Kristoffer, your example still uses a *non-const* global. Using this
benchmark <https://gist.github.com/tlycken/f0dc12b7c211f73f6cc1>, I get the
following results:
Non-const global
0.017629 seconds (999.84 k allocations: 15.256 MB)
Const global
0.000002 seconds (6 allocations: 192 bytes)
Closure
0.000008 seconds (19 allocations: 928 bytes)
So yes, a closure is much better than using a non-const global, but using a
const global still beats it.

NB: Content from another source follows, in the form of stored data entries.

lemma nn_integral_sphere_majorant_azimuth_le:
  assumes "K > 0" "0 \<le> \<gamma>"
  shows "(\<integral>\<^sup>+\<phi>. ennreal (sphere_majorant K \<gamma> \<alpha> s \<theta> \<phi>) \<partial>lborel)
    \<le> ennreal (bump_integral_bound 1 / sqrt K * (1 + K*(\<theta> - \<alpha>)^2) powr (-(\<gamma> + 1/2)))"
proof (cases "sin \<theta> > 0")
  case False
  have "sphere_majorant K \<gamma> \<alpha> s \<theta> \<phi> \<le> 0" for \<phi>
  proof -
    have "0 < 1 + K*(\<theta> - \<alpha>)^2 + K*(sin \<theta>)^2*(\<phi> - s)^2"
      using assms by (intro add_pos_nonneg) auto
    then show ?thesis
      unfolding sphere_majorant_def using False by (simp add: divide_nonpos_pos mult_nonpos_nonneg)
  qed
  then show ?thesis by (simp add: ennreal_neg)
next
  case True
  define A where "A = 1 + K*(\<theta> - \<alpha>)^2"
  have A: "A \<ge> 1" unfolding A_def using assms by simp
  define c where "c = sin \<theta> * A powr (-\<gamma>) / A"
  define K' where "K' = K * (sin \<theta>)^2 / A"
  have c: "c \<ge> 0" unfolding c_def using True A by simp
  have K': "K' > 0" unfolding K'_def using assms True A by simp
  have majorant_eq: "sphere_majorant K \<gamma> \<alpha> s \<theta> \<phi> = c * (1 + K' * (\<phi> - s)^2) powr (-1)" for \<phi>
  proof -
    have "A + K * (sin \<theta>)^2 * (\<phi> - s)^2 = A * (1 + K' * (\<phi> - s)^2)"
      unfolding K'_def using A by (simp add: field_simps)
    moreover have "0 < 1 + K' * (\<phi> - s)^2"
      using K' by (simp add: add_pos_nonneg)
    ultimately show ?thesis
      unfolding sphere_majorant_def c_def using A
      by (simp add: A_def[symmetric] powr_minus_divide)
  qed
  have "(\<integral>\<^sup>+\<phi>. ennreal (sphere_majorant K \<gamma> \<alpha> s \<theta> \<phi>) \<partial>lborel)
      = (\<integral>\<^sup>+\<phi>. ennreal c * ennreal ((1 + K' * (\<phi> - s)^2) powr (-1)) \<partial>lborel)"
    using c by (simp only: majorant_eq ennreal_mult powr_ge_zero)
  also have "\<dots> = ennreal c * (\<integral>\<^sup>+\<phi>. ennreal ((1 + K' * (\<phi> - s)^2) powr (-1)) \<partial>lborel)"
    by (rule nn_integral_cmult) measurable
  also have "\<dots> \<le> ennreal c * ennreal (bump_integral_bound 1 / sqrt K')"
    using K' by (intro mult_left_mono nn_integral_scaled_bump_le) auto
  also have "\<dots> = ennreal (c * (bump_integral_bound 1 / sqrt K'))"
    using c by (simp add: ennreal_mult'[symmetric])
  also have "c * (bump_integral_bound 1 / sqrt K') = bump_integral_bound 1 / sqrt K * A powr (-(\<gamma> + 1/2))"
  proof -
    define q where "q = sqrt A"
    have q: "q > 0" "A = q^2" using A by (auto simp: q_def)
    have sqrt_K': "sqrt K' = sqrt K * sin \<theta> / q"
      unfolding K'_def q_def using True A assms by (simp add: real_sqrt_mult real_sqrt_divide)
    have "A powr (-(\<gamma> + 1/2)) = A powr (-\<gamma>) * A powr (-(1/2))"
      by (simp add: powr_add[symmetric])
    also have "A powr (-(1/2)) = 1 / q"
      unfolding q_def using A by (simp add: powr_minus_divide powr_half_sqrt)
    finally have powr_eq: "A powr (-(\<gamma> + 1/2)) = A powr (-\<gamma>) / q" by simp
    show ?thesis
      unfolding c_def sqrt_K' powr_eq using True q(1) assms
      by (simp add: q(2) field_simps power2_eq_square)
  qed
  finally show ?thesis by (simp add: A_def)
qed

However, both are fast enough that it probably
won’t be the bottleneck in your application anymore :)
Although I can by no means read and understand it, it is also instructive
to look at the dumps from @code_llvm to get a picture of the difference in
code complexity:
Const global:
julia> @code_llvm f_const_glob(10^5)
define i64 @julia_f_const_glob_2617(i64) {
top:
%1 = icmp slt i64 %0, 1
br i1 %1, label %L3, label %L.preheader
L.preheader: ; preds = %top
%2 = icmp sgt i64 %0, 0
%.op = mul i64 %0, 3
%3 = select i1 %2, i64 %.op, i64 0
br label %L3
L3: ; preds = %L.preheader, %top
%s.1 = phi i64 [ 0, %top ], [ %3, %L.preheader ]
ret i64 %s.1
}
Closure:
julia> @code_llvm f_clos(10^5, 3)
define %jl_value_t* @julia_f_clos_2616(i64, i64) {
top:
%2 = alloca [5 x %jl_value_t*], align 8
%.sub = getelementptr inbounds [5 x %jl_value_t*]* %2, i64 0, i64 0
%3 = getelementptr [5 x %jl_value_t*]* %2, i64 0, i64 2
%4 = getelementptr [5 x %jl_value_t*]* %2, i64 0, i64 3
store %jl_value_t* inttoptr (i64 6 to %jl_value_t*), %jl_value_t** %.sub,
align 8
%5 = getelementptr [5 x %jl_value_t*]* %2, i64 0, i64 1
%6 = load %jl_value_t*** @jl_pgcstack, align 8
%.c = bitcast %jl_value_t** %6 to %jl_value_t*
store %jl_value_t* %.c, %jl_value_t** %5, align 8
store %jl_value_t** %.sub, %jl_value_t*** @jl_pgcstack, align 8
store %jl_value_t* null, %jl_value_t** %3, align 8
store %jl_value_t* null, %jl_value_t** %4, align 8
%7 = getelementptr [5 x %jl_value_t*]* %2, i64 0, i64 4
store %jl_value_t* null, %jl_value_t** %7, align 8
%8 = load %jl_value_t** inttoptr (i64 2147534600 to %jl_value_t**), align 8
store %jl_value_t* %8, %jl_value_t** %4, align 8
%9 = load %jl_value_t** inttoptr (i64 2164502072 to %jl_value_t**), align 8
store %jl_value_t* %9, %jl_value_t** %7, align 8
%10 = call %jl_value_t* @jl_f_instantiate_type(%jl_value_t* null,
%jl_value_t** %4, i32 2)
store %jl_value_t* %10, %jl_value_t** %4, align 8
%11 = call %jl_value_t* @jl_f_svec(%jl_value_t* null, %jl_value_t** null, i32
0)
store %jl_value_t* %11, %jl_value_t** %7, align 8
%12 = call %jl_value_t* @jl_f_svec(%jl_value_t* null, %jl_value_t** %4, i32 2)
store %jl_value_t* %12, %jl_value_t** %4, align 8
%13 = call %jl_value_t* @jl_box_int64(i64 signext %1)
store %jl_value_t* %13, %jl_value_t** %7, align 8
%14 = call %jl_value_t* (i64, ...)* @jl_svec(i64 1, %jl_value_t* %13)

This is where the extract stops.